**EXERCISE AIM:**
From the records below, pull each line that has "notin".

(Dataset entries)
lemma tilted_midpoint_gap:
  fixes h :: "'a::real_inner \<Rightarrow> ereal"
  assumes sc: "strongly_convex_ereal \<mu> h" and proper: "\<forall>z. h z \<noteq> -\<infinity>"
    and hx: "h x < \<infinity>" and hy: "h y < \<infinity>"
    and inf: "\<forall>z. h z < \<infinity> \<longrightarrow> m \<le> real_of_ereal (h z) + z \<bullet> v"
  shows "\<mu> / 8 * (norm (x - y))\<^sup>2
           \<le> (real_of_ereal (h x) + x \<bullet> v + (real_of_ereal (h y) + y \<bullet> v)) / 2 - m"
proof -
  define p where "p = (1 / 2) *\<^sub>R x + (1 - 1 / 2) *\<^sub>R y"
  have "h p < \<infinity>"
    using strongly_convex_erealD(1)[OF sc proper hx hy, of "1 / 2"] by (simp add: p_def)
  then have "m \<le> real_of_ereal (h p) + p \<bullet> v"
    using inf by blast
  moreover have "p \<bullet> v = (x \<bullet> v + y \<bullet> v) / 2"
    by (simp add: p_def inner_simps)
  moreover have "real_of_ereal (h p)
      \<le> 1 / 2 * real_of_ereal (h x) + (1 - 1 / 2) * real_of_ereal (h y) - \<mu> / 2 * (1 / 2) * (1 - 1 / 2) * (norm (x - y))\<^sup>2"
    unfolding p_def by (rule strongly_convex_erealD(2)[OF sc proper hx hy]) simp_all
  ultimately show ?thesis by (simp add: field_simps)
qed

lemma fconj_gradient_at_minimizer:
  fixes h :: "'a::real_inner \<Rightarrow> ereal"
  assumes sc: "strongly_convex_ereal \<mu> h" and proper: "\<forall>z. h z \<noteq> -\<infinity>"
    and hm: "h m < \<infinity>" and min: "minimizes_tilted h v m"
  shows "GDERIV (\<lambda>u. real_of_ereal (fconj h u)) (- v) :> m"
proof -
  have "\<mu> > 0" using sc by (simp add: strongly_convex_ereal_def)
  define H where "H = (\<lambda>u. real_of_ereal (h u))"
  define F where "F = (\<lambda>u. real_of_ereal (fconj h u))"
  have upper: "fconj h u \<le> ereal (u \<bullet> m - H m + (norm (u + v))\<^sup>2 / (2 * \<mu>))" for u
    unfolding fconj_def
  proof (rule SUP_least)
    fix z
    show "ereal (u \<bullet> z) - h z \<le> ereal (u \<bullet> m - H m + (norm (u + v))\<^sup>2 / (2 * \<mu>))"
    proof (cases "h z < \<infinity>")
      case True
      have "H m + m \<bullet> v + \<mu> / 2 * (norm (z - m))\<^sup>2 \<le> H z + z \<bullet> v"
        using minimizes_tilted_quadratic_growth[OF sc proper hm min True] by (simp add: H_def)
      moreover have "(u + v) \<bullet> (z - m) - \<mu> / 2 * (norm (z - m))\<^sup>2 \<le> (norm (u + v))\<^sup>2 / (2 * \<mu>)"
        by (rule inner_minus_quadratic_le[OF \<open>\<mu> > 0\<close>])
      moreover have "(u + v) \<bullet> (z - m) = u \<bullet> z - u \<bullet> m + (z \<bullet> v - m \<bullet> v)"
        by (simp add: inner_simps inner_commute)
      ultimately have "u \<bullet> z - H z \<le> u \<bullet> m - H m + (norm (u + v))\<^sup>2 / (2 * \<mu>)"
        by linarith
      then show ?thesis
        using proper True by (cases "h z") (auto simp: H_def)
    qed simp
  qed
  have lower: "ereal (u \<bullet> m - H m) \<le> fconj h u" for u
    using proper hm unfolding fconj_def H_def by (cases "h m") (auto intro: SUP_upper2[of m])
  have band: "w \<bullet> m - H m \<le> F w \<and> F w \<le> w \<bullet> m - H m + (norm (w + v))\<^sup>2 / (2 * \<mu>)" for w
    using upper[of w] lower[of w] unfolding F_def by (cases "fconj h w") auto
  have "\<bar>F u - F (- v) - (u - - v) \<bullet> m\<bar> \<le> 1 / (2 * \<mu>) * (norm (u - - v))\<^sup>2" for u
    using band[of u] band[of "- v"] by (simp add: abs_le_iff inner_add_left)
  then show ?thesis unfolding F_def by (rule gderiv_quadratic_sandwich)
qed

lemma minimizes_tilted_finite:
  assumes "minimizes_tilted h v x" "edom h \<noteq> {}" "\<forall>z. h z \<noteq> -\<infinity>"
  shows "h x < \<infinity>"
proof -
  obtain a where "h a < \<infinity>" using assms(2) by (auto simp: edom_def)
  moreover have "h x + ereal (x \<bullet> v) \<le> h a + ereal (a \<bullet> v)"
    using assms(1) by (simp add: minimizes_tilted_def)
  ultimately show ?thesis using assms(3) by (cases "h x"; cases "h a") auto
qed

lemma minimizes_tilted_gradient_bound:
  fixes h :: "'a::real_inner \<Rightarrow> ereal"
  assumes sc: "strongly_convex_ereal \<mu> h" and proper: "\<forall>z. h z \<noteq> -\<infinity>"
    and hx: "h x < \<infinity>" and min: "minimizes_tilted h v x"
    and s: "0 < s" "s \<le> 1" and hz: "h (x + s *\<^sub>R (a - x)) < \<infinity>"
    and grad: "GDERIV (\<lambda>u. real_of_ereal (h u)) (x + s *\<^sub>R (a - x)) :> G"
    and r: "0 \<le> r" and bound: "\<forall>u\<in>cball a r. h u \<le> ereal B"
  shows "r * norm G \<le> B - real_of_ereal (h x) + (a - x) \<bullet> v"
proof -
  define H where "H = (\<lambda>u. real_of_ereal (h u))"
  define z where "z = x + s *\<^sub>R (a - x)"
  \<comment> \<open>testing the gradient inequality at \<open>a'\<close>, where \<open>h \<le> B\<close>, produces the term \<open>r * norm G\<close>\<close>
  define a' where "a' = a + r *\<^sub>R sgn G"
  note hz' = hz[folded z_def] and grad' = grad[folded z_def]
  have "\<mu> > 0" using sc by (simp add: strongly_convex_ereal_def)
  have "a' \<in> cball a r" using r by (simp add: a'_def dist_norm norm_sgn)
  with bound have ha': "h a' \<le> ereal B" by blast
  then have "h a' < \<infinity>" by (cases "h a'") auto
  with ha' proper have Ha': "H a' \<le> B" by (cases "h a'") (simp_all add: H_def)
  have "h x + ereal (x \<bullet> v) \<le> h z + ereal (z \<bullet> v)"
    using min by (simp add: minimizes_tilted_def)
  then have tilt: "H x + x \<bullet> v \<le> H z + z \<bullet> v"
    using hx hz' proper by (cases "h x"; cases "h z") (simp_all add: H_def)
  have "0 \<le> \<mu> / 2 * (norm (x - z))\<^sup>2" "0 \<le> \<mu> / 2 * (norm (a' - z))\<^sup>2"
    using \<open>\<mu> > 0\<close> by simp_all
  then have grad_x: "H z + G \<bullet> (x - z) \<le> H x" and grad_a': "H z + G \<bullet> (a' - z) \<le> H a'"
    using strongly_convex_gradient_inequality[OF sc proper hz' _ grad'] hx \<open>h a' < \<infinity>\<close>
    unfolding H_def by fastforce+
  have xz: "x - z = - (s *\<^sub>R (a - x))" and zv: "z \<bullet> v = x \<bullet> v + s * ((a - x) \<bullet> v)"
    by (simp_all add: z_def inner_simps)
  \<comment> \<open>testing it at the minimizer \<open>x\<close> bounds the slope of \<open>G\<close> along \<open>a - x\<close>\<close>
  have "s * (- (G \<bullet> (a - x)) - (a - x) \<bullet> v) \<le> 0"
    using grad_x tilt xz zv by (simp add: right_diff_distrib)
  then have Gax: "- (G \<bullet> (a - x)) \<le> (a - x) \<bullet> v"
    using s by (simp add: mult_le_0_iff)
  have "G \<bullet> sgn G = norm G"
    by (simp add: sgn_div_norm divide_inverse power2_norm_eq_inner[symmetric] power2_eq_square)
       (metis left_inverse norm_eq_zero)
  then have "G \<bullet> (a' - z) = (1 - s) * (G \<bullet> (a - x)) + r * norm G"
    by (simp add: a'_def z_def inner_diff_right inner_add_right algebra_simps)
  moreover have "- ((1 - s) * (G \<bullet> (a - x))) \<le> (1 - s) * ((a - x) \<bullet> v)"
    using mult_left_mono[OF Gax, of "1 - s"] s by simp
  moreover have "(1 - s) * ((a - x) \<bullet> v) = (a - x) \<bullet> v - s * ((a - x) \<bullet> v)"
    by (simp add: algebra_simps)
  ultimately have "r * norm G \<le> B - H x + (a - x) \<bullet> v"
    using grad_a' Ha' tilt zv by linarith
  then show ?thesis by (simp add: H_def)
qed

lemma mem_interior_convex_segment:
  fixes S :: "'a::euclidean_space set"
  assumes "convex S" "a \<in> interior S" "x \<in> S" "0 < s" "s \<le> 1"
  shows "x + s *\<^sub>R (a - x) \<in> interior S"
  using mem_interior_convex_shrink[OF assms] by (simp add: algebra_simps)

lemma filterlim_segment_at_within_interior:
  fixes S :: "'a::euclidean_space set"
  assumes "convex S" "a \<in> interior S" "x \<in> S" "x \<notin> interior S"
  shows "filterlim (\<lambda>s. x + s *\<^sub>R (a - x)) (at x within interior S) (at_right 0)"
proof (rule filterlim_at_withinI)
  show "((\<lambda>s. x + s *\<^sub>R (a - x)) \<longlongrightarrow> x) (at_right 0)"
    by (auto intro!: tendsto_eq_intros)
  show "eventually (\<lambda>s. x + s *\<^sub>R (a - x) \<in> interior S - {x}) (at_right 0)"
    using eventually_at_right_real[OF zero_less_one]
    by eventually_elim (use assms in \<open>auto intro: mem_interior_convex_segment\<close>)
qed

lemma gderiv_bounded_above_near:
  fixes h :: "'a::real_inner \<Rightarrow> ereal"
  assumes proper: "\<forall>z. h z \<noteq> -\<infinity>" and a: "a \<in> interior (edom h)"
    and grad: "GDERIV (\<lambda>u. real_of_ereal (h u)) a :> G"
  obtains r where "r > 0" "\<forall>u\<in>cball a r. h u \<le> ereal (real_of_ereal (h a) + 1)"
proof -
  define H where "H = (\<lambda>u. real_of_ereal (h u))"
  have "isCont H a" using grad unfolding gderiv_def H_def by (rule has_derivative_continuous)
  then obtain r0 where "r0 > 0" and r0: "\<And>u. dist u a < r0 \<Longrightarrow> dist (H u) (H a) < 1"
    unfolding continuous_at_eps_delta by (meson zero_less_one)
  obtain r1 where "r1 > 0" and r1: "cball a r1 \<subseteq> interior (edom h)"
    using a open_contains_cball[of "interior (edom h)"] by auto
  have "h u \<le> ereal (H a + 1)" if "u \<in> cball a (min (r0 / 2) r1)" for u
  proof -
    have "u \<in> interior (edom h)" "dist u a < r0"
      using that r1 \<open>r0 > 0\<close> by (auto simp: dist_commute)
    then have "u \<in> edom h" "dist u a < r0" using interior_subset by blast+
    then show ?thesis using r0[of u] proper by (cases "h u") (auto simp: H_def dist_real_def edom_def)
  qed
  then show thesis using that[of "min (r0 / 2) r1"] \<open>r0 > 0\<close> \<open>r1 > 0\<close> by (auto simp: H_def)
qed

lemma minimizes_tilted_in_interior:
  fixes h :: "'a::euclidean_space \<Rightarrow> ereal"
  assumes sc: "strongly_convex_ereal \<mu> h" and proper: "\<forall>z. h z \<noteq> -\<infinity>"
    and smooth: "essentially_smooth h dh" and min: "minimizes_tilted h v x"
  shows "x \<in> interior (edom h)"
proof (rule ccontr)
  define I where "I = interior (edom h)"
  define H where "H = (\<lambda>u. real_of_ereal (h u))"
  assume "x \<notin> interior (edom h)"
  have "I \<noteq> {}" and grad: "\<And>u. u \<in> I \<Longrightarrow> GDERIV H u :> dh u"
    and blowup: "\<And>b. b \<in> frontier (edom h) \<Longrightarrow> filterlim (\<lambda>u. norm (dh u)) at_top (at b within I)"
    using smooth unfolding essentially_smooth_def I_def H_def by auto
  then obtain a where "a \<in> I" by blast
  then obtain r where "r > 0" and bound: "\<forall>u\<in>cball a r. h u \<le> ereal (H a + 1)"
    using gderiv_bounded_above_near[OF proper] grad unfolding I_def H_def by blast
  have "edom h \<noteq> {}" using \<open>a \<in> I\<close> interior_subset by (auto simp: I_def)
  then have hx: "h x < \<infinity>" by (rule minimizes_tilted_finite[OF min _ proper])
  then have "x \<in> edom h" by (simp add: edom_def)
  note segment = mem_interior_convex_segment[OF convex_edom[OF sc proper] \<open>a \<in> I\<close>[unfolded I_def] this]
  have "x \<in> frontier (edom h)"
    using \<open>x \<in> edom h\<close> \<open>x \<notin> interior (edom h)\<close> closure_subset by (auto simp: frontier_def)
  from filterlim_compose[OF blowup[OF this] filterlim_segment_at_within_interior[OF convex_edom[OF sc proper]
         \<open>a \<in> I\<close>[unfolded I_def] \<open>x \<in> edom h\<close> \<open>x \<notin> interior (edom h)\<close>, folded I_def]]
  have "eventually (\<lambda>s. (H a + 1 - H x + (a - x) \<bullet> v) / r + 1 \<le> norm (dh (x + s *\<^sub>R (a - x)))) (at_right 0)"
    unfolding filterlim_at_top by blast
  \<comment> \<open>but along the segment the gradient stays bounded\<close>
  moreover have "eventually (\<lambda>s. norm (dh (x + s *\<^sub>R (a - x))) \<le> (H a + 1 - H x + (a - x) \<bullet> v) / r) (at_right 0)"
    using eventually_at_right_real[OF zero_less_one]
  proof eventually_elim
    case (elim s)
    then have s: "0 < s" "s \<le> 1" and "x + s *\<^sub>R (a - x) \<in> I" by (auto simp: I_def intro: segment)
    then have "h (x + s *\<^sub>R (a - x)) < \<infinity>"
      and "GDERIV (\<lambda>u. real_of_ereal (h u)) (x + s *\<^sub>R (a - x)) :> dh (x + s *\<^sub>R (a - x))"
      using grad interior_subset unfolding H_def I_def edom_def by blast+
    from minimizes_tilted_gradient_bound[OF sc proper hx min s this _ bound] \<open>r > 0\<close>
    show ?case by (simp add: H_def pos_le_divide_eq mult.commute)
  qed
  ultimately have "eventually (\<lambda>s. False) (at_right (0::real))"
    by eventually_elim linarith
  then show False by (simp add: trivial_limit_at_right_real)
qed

**RESPONSE AREA:**
  assumes "convex S" "a \<in> interior S" "x \<in> S" "x \<notin> interior S"
  assume "x \<notin> interior (edom h)"
    using \<open>x \<in> edom h\<close> \<open>x \<notin> interior (edom h)\<close> closure_subset by (auto simp: frontier_def)
         \<open>a \<in> I\<close>[unfolded I_def] \<open>x \<in> edom h\<close> \<open>x \<notin> interior (edom h)\<close>, folded I_def]]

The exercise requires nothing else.